Happily for students, faculty and guests, the campus remains in a state of permanent construction/expansion, giving the layout a futuristic image, that tomorrow will be even better.

Tucked away in a warm, comfortable setting near the top of the campus is the Office of the President, the busiest enclave on the grounds. Seven weeks ago, on Aug. 25, the setting became home to its third occupant in the last 4½ months.

On a chilly day at precisely the appointed hour, Dr. Rose Marie Joyce, attired in a smart black cape, appears in the doorway.

Just as certain factions in Culver City would love to retain Interim Supt. Patty Jaffe on a permanent basis, it is said that Dr. Joyce, whose first name also is Interim, soon may attract a similar rooting section.

Well-coiffed in stylish gray, psychologically snug, direct, no-nonsense and no excess, she looks her questioner in the eye and responds without a single letter of amplification. Elaboration is for long-termers fishing for favor and a new contract. Her term, until the end of next spring, is framed in immutable steel. She has been a community college president before, and it shows. The lady knows how to play president, and make no mistake, the accent only is on the second word.

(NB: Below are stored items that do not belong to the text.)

(* Let $p$ be an odd prime, $q=p^m$, and let $k$ be an integer with $0<k<m$. Let $b,c\in\mathbb F_{q^2}$ with $\mathrm N(b)\ne\mathrm N(c)$, let $\ell(x)=(bx^q+cx)^{p^k}$ and $f(x)=x^{q+1}+\ell(x^2)$. Then $f$ is a planar function on $\mathbb F_{q^2}$ if and only if $p^k\equiv1\pmod4$, $m=2k$, and \[\mathrm N(b-c^q)^{\frac{p^k+1}2}=-(\mathrm N(b)-\mathrm N(c))^{p^k+1}.\]
   Context: $\mathrm N$ denotes the norm from $\mathbb F_{q^2}$ to $\mathbb F_q$, $\mathrm N(u)=u^{q+1}$. A function $f$ on $\mathbb F_{q^n}$ is planar if for every $c\in\mathbb F_{q^n}^*$ the map $x\mapsto f(x+c)-f(x)$ is a permutation of $\mathbb F_{q^n}$. *)

theory Defs
  imports "HOL-Computational_Algebra.Primes"
begin

definition normq :: "nat \<Rightarrow> 'a::field \<Rightarrow> 'a" where
  "normq q u = u ^ (q + 1)"

definition planar :: "('a::{field,finite} \<Rightarrow> 'a) \<Rightarrow> bool" where
  "planar f \<longleftrightarrow> (\<forall>c. c \<noteq> 0 \<longrightarrow> bij (\<lambda>x. f (x + c) - f x))"

end

theory Submission
  imports Defs "HOL-Number_Theory.Residues" "HOL-Computational_Algebra.Polynomial"
begin

(* f(x) = x^(q+1) + l(x^2) is a Dembowski-Ostrom polynomial, so it is planar iff its polar form
   f(x + y) - f(x) - f(y) vanishes only for x = 0 or y = 0.  Writing a zero (x, y) as u = x y,
   v = x y^q (reversible by Hilbert 90) and solving the linear part of l for u shows: f is planar
   iff z - n is a nonzero square of Fq for all z in H = {s^(2(p^k-1)) | s in Fq^*}, where
   n = N((c^q - b) / (N c - N b)).

   Then all differences between H and n H are nonzero squares, and a quadratic character sum gives
   |H| (|H| + 1) <= q, whereas |H| >= (q - 1) / (2 (p^gcd(k,m) - 1)); this forces m = 2k.  For
   m = 2k, H is the group of s-th roots of unity, s = (p^k + 1) / 2, and Euler's criterion for
   z - n becomes (1 - n^(p^k) z)^s = (z - n)^s on H.  Comparing linear coefficients and evaluating
   at z = 1 gives p^k = 1 (mod 4) and n^s = -1, which is the stated norm condition; conversely
   these two conditions make every z - n a square by Euler's criterion. *)

lemma card_le_card_image_mult:
  assumes "finite A" "\<And>x. x \<in> A \<Longrightarrow> card {x'\<in>A. h x' = h x} \<le> k"
  shows "card A \<le> card (h ` A) * k"
proof -
  have "card A = (\<Sum>y\<in>h ` A. card {x\<in>A. h x = y})"
    using sum.group[where ?g=h and ?h="\<lambda>_. 1::nat", OF assms(1) finite_imageI[OF assms(1)]]
    by simp
  also have "\<dots> \<le> (\<Sum>y\<in>h ` A. k)"
    by (rule sum_mono) (auto intro: assms(2))
  finally show ?thesis by simp
qed

lemma power_diff_one_eq_one:
  fixes x :: "'a::field"
  assumes "x ^ N = x" "x \<noteq> 0" "0 < N"
  shows "x ^ (N - 1) = 1"
proof -
  have "x * x ^ (N - 1) = x * 1"
    using assms by (simp flip: power_Suc)
  then show ?thesis using assms(2) by simp
qed

lemma roots_power_eq_bound:
  fixes c :: "'a::field"
  assumes "0 < a"
  shows "finite {x. x ^ a = c}" "card {x. x ^ a = c} \<le> a"
proof -
  let ?P = "monom (1::'a) a + [:-c:]"
  have deg: "degree ?P = a" using assms by (simp add: degree_add_eq_left degree_monom_eq)
  then have "?P \<noteq> 0" using assms by auto
  moreover have "{x. x ^ a = c} = {x. poly ?P x = 0}" by (auto simp: poly_monom algebra_simps)
  ultimately show "finite {x. x ^ a = c}" "card {x. x ^ a = c} \<le> a"
    using poly_roots_finite[of ?P] card_poly_roots_bound[of ?P] deg by simp_all
qed

lemma card_roots_power_plus_linear:
  fixes c :: "'a::field"
  assumes "1 < a"
  shows "card {x. x ^ a + c * x = 0} \<le> a"
proof -
  let ?P = "monom (1::'a) a + [:0, c:]"
  have deg: "degree ?P = a" using assms by (simp add: degree_add_eq_left degree_monom_eq)
  then have "?P \<noteq> 0" using assms by auto
  moreover have "{x. x ^ a + c * x = 0} = {x. poly ?P x = 0}" by (auto simp: poly_monom algebra_simps)
  ultimately show ?thesis using card_poly_roots_bound[of ?P] deg by simp
qed

lemma card_le_card_power_image_mult:
  fixes G :: "'a::field set"
  assumes "finite G" "0 \<notin> G" "\<And>x y. x \<in> G \<Longrightarrow> y \<in> G \<Longrightarrow> x / y \<in> G"
    "\<And>x y. x \<in> G \<Longrightarrow> y \<in> G \<Longrightarrow> x * y \<in> G"
  shows "card G \<le> card ((\<lambda>x. x ^ e) ` G) * card {w\<in>G. w ^ e = 1}"
proof (rule card_le_card_image_mult[OF assms(1)])
  fix x assume x: "x \<in> G"
  have x0: "x \<noteq> 0" using x assms(2) by auto
  have "{x'\<in>G. x' ^ e = x ^ e} = (\<lambda>w. x * w) ` {w\<in>G. w ^ e = 1}"
  proof safe
    fix x' assume "x' \<in> G" "x' ^ e = x ^ e"
    then show "x' \<in> (\<lambda>w. x * w) ` {w \<in> G. w ^ e = 1}"
      using x0 assms(3)[OF \<open>x' \<in> G\<close> x]
      by (intro image_eqI[of _ _ "x'/x"]) (auto simp: power_divide)
  next
    fix w assume "w \<in> G" "w ^ e = 1"
    then show "x * w \<in> G" "(x * w) ^ e = x ^ e" using assms(4) x by (auto simp: power_mult_distrib)
  qed
  also have "card \<dots> = card {w\<in>G. w ^ e = 1}"
    by (rule card_image) (use x0 in \<open>auto intro: inj_onI\<close>)
  finally show "card {x'\<in>G. x' ^ e = x ^ e} \<le> card {w\<in>G. w ^ e = 1}" by simp
qed

text \<open>The image has at least \<open>d\<close> elements because the kernel has at most \<open>e\<close>, and there are
  at most \<open>d\<close> roots of unity.\<close>
lemma power_image_eq_roots_of_unity:
  fixes G :: "'a::field set"
  assumes G: "finite G" "0 \<notin> G" "\<And>x y. x \<in> G \<Longrightarrow> y \<in> G \<Longrightarrow> x / y \<in> G"
      "\<And>x y. x \<in> G \<Longrightarrow> y \<in> G \<Longrightarrow> x * y \<in> G"
    and card_G: "card G = e * d" and e: "0 < e" and d: "0 < d"
    and order: "\<And>x. x \<in> G \<Longrightarrow> x ^ (e * d) = 1"
  shows "(\<lambda>x. x ^ e) ` G = {y. y ^ d = 1}" and "card {y::'a. y ^ d = 1} = d"
proof -
  let ?I = "(\<lambda>x. x ^ e) ` G"
  have sub: "?I \<subseteq> {y. y ^ d = 1}" using order by (auto simp: power_mult)
  have "card {w\<in>G. w ^ e = 1} \<le> card {w::'a. w ^ e = 1}"
    by (intro card_mono roots_power_eq_bound e) auto
  also have "\<dots> \<le> e" by (rule roots_power_eq_bound[OF e])
  finally have "e * d \<le> card ?I * e"
    using card_le_card_power_image_mult[OF G, of e] card_G by (metis le_trans mult_le_mono2)
  then have lower: "d \<le> card ?I" using e by (simp add: mult.commute)
  have mono: "card ?I \<le> card {y::'a. y ^ d = 1}"
    using sub by (intro card_mono roots_power_eq_bound d)
  have upper: "card {y::'a. y ^ d = 1} \<le> d" by (rule roots_power_eq_bound[OF d])
  show "card {y::'a. y ^ d = 1} = d" using lower mono upper by linarith
  show "?I = {y. y ^ d = 1}"
    using sub lower mono upper by (intro card_subset_eq roots_power_eq_bound d) auto
qed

Was it just a coincidence that an increasingly acrimonious dispute with City Hall and an array of homeowners over construction behavior and not-so-frilly surrounding details were accommodatingly resolved not long after she took office?

“I think there were several factors,” Dr. Joyce said. “There was a new City Manager (John Nachbar) looking at things a little differently. And it was important to incorporate the homeowners’ (groups) with the city instead of having the homeowners negotiate directly (or separately),” getting better organized instead of meeting disparately.

“When there are so many layers, so many interests, and you are trying to find common ground, it is harder if you have representative bodies.

“The second factor was the homeowners. They recognized there were so many diverse interests, even among themselves, that good would come from coming together and working with the city. Certainly the city could leverage and influence more than any one homeowner group.

“Another factor was that I was new. New people can start looking at things differently. It’s not better. It’s just open-up-thinking kind of thing.

“At that point (early to mid-September), too, everyone wanted to settle it. There was a preliminary agreement between the college and the city, but we had not gotten a signoff from the owners. City Council people, of course, are very responsive to their constituents. Council members just wanted to make sure they had been heard. And I think they didn’t think that.”

Even though you may have been headed toward agreement, what about the lawsuit that City Hall filed on the last day allowed by law to declare its protest of the environmental impact report the community college board of trustees had certified? Was the filing just a technicality?

“I think the final factor was the city does not want to spend money on attorneys’ fees. Yes, we had money, but we wanted to use the money to build buildings, not on attorneys. That was also a motivating factor. I talked to the City Manager about it. I told him how we felt about it. He felt the same. I think we were motivated.

“Also, I believe agreement was 95 percent there (when the new leadership entered negotiations). We did not start all over. There were no takebacks. It was really a final finetuning. The document was 95 percent there. The hard work already had been done.”

Was the filing of the lawsuit a legal technicality rather than a full-blown threat or generally divisive matter?

“I don’t think it was a threat. I think the City Council took their action very seriously. Of course they knew it would get our attention. But they had told us before how strongly they felt. I think it was their way of having a backup plan. There was a time deadline. If they didn’t file, they were going to lose any leverage they had, even on that 95 percent document.”